### WORK TO BE COMPLETED
Using the listing below, set down each line from the line containing "from such a" through the line containing "of the prefixes", both ends included, exactly and with nothing added.

### DATA
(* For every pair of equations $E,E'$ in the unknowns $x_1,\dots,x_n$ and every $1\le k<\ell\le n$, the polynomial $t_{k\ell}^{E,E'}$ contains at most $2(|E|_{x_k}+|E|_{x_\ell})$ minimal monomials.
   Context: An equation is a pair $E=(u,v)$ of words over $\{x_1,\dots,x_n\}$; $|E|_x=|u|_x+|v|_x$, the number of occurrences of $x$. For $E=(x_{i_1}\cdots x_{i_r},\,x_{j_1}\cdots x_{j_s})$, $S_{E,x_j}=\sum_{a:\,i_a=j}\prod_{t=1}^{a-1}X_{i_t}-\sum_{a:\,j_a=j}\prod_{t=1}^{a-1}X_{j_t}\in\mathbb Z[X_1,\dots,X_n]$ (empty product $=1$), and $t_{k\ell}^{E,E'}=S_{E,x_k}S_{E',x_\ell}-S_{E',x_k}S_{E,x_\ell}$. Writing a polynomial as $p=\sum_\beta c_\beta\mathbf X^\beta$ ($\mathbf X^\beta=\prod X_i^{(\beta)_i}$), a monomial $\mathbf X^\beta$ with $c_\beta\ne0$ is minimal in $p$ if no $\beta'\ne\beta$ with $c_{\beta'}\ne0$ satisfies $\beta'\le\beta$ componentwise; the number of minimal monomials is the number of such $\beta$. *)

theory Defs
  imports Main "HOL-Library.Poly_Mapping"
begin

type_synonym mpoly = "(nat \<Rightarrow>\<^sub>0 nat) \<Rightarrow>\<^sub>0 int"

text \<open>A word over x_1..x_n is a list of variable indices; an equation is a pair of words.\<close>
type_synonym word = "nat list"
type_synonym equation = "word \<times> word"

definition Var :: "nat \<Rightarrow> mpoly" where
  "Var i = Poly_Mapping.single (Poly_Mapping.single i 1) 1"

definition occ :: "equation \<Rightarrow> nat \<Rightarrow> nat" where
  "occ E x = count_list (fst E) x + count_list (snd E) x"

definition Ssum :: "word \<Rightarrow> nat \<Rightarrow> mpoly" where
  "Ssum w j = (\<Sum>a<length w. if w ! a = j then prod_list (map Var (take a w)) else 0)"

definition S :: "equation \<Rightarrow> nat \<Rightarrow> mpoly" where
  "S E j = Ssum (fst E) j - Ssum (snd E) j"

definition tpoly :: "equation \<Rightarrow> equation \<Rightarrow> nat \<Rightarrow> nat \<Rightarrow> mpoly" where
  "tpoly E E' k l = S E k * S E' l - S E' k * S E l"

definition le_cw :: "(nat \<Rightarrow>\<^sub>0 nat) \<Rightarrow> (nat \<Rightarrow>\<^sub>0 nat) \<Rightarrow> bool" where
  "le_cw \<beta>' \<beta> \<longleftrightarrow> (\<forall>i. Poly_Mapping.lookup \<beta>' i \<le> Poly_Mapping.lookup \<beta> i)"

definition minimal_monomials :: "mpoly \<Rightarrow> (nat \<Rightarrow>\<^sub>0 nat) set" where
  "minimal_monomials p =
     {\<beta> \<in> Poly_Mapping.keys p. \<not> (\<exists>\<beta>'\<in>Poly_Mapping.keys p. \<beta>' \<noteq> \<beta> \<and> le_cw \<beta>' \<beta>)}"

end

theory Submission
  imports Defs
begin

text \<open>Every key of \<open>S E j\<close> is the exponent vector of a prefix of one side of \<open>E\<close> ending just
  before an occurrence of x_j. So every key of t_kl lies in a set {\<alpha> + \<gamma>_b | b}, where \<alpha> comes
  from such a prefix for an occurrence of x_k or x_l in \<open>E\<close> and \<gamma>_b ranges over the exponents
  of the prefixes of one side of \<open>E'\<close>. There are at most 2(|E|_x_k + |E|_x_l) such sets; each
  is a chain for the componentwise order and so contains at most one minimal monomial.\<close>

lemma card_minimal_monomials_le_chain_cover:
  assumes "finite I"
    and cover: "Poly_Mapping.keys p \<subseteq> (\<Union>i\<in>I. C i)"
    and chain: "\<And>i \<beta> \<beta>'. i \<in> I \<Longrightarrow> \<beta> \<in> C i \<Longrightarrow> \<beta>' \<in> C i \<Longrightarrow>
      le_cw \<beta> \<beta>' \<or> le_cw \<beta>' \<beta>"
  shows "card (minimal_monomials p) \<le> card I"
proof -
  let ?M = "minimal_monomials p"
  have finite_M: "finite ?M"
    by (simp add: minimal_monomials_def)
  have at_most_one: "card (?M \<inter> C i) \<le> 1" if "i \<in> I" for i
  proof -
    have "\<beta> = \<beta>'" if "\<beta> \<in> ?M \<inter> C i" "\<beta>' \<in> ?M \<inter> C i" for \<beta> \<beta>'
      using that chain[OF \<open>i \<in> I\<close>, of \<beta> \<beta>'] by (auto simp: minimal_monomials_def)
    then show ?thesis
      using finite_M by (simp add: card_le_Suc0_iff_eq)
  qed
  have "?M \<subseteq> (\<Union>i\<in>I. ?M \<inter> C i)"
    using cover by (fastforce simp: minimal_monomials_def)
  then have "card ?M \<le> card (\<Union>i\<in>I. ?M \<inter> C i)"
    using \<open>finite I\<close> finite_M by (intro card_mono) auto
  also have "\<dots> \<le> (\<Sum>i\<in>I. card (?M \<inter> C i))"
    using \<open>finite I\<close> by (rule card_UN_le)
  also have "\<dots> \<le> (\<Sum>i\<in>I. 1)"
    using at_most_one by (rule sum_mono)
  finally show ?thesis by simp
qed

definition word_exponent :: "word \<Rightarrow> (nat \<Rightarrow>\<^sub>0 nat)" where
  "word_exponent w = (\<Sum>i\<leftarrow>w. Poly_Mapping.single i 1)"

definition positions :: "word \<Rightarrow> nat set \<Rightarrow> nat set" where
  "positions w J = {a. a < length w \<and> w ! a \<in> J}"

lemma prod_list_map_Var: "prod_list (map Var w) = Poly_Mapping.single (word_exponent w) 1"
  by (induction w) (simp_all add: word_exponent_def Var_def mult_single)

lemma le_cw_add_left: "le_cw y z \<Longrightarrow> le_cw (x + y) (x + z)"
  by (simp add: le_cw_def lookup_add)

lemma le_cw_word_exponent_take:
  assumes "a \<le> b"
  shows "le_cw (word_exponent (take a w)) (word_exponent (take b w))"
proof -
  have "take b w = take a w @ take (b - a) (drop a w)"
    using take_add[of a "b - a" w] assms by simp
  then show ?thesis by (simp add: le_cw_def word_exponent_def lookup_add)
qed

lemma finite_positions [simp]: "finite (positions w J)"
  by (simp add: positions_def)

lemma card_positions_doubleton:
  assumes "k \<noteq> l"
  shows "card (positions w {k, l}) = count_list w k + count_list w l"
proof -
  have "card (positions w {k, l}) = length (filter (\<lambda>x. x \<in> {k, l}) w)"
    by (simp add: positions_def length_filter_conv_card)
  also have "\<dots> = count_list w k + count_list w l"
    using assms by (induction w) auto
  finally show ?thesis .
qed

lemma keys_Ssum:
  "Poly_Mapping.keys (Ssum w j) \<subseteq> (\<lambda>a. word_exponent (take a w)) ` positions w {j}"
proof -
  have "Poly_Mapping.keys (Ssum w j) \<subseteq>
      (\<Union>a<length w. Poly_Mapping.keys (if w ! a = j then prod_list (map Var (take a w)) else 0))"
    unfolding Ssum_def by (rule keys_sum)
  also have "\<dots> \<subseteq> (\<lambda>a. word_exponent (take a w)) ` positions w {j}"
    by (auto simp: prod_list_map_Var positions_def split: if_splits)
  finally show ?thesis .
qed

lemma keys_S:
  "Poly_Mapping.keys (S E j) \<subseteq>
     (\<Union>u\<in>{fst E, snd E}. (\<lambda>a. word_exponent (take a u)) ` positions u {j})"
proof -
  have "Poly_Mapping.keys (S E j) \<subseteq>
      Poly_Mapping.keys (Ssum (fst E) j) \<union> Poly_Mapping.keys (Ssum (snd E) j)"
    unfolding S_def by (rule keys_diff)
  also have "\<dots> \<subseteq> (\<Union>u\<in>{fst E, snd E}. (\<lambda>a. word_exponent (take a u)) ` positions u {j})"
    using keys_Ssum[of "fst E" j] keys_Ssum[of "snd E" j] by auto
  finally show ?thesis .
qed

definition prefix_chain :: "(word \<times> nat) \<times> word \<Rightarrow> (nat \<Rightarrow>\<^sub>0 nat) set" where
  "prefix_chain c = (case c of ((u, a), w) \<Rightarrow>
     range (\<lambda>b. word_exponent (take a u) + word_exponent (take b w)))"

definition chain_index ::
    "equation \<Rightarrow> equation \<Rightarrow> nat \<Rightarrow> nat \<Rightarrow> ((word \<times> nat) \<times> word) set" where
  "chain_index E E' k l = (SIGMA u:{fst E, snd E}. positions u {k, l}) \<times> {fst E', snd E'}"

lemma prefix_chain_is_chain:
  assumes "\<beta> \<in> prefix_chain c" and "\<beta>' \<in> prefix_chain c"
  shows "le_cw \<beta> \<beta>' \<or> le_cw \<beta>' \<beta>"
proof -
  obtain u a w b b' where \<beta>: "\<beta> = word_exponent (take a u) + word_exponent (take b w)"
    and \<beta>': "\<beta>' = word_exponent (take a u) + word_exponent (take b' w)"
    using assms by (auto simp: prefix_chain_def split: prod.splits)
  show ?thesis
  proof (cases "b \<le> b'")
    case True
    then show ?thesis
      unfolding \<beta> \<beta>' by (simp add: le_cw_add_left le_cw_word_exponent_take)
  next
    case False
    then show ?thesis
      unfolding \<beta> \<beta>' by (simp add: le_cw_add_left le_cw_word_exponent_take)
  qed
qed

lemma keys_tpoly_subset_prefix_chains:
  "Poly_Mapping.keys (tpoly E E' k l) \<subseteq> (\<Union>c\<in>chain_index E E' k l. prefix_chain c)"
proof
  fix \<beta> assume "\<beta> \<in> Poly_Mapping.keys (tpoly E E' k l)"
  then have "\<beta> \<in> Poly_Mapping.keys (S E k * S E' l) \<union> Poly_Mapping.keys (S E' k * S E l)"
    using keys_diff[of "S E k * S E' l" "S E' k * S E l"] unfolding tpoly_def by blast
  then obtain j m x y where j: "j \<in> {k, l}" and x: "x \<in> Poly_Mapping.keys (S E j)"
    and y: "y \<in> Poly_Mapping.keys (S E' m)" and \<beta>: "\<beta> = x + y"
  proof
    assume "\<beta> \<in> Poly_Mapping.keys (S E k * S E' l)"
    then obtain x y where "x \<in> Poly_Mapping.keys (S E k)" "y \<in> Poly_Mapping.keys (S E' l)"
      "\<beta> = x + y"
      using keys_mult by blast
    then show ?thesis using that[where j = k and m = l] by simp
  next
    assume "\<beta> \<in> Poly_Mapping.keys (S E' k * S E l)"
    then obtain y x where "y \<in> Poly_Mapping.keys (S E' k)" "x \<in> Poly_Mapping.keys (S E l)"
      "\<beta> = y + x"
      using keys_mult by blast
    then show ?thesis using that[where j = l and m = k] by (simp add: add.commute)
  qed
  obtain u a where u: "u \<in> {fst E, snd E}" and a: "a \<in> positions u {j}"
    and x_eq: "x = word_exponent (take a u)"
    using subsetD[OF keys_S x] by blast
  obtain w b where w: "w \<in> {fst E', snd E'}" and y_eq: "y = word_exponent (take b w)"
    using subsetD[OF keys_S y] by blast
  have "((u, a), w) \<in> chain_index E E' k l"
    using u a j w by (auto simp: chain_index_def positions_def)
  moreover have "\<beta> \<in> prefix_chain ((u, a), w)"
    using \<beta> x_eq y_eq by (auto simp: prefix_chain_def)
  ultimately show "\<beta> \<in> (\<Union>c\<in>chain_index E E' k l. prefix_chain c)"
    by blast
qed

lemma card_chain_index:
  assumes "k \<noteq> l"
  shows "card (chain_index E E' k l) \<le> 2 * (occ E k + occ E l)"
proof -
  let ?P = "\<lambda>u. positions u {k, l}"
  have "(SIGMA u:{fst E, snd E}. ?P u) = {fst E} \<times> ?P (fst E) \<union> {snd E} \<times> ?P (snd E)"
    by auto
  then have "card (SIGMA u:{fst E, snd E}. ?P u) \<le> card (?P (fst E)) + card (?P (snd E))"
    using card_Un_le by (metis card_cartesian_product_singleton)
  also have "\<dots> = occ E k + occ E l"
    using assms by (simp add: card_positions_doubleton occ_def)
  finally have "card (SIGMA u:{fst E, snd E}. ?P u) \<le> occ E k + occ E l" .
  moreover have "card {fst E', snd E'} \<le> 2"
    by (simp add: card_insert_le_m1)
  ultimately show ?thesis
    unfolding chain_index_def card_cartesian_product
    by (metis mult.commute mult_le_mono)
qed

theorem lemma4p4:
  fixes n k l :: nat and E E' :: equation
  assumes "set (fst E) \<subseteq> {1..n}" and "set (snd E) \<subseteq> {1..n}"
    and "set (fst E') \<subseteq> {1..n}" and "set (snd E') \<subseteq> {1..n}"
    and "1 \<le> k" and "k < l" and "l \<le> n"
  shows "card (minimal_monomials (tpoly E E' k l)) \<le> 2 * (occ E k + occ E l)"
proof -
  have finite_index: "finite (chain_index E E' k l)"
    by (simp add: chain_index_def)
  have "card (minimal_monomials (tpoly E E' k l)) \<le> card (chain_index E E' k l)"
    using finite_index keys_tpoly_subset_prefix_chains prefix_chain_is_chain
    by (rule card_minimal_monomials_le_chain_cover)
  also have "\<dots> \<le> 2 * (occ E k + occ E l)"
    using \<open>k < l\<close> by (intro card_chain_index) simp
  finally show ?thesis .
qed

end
* * *
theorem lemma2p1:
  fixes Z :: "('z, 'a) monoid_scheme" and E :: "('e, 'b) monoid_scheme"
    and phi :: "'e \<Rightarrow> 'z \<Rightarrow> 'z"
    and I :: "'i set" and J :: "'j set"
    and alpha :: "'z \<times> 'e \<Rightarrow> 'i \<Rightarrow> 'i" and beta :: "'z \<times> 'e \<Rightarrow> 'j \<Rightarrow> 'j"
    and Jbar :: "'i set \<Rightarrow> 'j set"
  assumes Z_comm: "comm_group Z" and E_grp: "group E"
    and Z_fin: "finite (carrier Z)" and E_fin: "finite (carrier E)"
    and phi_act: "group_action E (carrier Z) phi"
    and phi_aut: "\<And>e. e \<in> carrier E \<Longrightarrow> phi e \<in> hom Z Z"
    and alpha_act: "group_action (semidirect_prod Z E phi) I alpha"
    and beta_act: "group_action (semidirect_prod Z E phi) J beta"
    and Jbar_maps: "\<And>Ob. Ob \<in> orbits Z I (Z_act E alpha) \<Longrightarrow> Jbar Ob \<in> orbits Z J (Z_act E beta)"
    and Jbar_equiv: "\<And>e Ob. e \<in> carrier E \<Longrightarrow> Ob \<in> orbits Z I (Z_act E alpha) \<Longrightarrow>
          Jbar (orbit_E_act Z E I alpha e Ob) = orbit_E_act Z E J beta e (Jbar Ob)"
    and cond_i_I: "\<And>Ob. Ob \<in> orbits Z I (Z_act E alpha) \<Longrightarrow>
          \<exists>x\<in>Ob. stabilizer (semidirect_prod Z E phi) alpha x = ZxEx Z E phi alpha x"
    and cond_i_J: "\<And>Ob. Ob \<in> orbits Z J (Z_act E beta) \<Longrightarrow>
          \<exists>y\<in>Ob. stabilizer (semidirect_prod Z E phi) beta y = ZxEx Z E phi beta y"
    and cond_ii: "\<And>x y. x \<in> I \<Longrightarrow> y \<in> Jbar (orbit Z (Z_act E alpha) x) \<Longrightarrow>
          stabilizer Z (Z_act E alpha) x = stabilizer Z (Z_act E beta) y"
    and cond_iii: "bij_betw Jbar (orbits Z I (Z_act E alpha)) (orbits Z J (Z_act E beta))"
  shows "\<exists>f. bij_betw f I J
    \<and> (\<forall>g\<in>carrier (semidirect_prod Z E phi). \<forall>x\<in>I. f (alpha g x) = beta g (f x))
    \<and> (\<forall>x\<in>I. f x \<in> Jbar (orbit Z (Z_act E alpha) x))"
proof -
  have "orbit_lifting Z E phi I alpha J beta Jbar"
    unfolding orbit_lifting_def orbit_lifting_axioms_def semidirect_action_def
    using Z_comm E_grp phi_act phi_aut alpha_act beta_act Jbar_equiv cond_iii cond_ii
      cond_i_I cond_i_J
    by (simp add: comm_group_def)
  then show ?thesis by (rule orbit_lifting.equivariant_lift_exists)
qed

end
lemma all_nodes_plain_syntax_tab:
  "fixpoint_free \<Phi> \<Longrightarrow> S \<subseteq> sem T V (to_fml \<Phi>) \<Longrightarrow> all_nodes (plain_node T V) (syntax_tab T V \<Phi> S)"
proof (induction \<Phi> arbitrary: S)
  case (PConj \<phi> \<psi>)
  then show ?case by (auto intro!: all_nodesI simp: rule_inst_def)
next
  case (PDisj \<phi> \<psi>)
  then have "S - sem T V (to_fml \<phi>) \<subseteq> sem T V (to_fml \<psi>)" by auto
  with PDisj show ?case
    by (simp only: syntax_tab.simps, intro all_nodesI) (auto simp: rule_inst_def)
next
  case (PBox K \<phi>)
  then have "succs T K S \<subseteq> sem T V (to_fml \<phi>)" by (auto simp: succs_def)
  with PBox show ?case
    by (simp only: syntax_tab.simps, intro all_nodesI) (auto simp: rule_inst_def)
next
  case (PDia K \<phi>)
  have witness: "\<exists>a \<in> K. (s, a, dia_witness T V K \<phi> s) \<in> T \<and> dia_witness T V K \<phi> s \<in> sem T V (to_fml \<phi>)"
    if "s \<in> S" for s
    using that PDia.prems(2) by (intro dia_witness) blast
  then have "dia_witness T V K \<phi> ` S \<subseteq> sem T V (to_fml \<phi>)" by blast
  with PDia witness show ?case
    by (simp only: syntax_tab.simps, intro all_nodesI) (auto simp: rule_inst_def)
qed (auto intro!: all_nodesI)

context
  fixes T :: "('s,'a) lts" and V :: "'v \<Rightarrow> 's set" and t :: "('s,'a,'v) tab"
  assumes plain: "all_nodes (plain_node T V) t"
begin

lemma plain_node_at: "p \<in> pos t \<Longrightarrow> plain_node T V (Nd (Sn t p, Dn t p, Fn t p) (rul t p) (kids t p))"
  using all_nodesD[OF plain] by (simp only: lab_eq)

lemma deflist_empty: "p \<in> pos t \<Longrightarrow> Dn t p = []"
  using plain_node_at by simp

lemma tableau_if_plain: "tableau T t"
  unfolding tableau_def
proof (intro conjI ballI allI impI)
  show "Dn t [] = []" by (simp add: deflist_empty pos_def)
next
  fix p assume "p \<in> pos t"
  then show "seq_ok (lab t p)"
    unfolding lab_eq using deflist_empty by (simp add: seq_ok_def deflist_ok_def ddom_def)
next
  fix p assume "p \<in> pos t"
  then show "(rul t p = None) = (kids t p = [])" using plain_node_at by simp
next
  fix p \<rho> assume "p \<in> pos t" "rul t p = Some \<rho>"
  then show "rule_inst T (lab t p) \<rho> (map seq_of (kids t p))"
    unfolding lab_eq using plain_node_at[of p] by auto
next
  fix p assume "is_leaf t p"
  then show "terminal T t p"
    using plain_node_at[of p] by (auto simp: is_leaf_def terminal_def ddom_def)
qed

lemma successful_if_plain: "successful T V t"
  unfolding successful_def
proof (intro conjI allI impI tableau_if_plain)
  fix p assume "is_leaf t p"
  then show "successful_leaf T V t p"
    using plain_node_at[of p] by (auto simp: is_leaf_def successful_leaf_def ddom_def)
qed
...
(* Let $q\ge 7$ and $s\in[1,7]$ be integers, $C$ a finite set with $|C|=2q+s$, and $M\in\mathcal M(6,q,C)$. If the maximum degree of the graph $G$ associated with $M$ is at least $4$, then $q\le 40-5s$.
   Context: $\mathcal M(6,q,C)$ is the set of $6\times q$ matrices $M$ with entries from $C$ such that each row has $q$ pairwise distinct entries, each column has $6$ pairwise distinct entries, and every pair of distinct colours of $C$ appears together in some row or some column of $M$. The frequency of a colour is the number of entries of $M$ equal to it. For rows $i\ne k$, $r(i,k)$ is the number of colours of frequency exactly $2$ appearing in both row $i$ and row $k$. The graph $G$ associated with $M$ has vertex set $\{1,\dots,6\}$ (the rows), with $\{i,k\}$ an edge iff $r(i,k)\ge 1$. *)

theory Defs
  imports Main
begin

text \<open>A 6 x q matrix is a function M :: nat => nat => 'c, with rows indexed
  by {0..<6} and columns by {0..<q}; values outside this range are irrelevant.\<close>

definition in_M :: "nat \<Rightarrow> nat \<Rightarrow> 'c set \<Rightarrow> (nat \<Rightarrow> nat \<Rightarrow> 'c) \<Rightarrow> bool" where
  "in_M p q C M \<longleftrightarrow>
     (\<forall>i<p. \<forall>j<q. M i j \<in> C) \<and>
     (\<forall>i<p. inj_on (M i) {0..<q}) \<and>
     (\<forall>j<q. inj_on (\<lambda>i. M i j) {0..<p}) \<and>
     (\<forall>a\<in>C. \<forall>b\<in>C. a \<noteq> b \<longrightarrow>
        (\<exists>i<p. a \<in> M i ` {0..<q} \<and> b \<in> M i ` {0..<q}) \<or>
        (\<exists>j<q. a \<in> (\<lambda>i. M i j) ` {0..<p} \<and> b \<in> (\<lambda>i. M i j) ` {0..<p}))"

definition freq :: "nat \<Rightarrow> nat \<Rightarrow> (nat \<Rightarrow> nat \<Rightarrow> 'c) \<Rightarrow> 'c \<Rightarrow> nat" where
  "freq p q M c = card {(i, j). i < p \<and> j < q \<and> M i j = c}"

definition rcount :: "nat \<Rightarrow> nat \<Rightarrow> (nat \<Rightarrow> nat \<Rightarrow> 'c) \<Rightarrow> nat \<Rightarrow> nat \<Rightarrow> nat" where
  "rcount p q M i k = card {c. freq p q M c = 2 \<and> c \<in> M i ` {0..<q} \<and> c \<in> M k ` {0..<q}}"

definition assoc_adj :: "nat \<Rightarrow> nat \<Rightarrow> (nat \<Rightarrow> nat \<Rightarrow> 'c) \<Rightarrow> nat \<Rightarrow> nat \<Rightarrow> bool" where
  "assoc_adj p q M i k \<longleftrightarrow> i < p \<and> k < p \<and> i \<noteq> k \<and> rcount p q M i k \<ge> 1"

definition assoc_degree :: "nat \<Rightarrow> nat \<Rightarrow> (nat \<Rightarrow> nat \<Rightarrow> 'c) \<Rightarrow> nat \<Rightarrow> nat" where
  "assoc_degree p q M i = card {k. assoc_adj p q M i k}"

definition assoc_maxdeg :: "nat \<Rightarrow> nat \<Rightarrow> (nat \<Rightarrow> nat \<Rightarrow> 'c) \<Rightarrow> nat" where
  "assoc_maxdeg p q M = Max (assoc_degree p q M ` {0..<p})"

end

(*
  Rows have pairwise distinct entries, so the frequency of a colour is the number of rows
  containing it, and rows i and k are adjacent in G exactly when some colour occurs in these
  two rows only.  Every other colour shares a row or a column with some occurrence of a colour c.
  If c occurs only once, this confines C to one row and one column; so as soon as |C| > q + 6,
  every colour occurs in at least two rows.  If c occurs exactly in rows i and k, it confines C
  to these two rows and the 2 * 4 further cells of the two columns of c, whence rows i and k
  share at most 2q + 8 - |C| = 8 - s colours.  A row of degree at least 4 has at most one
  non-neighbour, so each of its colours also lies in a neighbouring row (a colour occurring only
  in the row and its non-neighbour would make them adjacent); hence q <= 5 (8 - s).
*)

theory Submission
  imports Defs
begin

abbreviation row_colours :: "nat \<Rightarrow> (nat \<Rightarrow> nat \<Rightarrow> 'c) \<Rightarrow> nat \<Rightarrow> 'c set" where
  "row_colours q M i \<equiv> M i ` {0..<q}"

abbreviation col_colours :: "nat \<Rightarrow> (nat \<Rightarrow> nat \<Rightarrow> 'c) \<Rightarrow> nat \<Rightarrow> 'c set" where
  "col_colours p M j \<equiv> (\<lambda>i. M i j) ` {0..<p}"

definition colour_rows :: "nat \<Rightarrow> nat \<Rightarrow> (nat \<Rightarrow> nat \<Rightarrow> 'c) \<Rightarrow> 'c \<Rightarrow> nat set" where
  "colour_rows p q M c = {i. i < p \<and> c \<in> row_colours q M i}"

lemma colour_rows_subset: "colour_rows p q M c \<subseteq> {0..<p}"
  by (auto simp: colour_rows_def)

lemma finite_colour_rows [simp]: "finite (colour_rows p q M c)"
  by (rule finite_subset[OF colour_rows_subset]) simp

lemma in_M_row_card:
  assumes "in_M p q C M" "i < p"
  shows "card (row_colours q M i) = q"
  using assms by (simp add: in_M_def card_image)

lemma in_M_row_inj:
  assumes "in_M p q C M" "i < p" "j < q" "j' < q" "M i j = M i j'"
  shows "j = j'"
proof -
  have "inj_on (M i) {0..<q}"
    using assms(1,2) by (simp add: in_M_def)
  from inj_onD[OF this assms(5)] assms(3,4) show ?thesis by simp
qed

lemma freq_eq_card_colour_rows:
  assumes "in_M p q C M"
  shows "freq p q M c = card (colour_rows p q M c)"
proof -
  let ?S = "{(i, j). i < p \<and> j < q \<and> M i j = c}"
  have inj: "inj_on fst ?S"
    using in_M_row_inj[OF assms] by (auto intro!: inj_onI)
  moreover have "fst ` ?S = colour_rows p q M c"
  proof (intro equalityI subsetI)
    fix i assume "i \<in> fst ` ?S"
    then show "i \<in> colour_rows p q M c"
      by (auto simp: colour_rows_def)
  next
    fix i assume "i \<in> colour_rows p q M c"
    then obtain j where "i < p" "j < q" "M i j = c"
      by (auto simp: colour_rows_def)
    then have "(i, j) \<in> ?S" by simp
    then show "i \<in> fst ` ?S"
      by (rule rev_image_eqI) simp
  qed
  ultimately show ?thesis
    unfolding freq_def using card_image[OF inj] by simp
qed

### OUTPUT OF THE TASK
  from such a prefix for an occurrence of x_k or x_l in \<open>E\<close> and \<gamma>_b ranges over the exponents
  of the prefixes of one side of \<open>E'\<close>. There are at most 2(|E|_x_k + |E|_x_l) such sets; each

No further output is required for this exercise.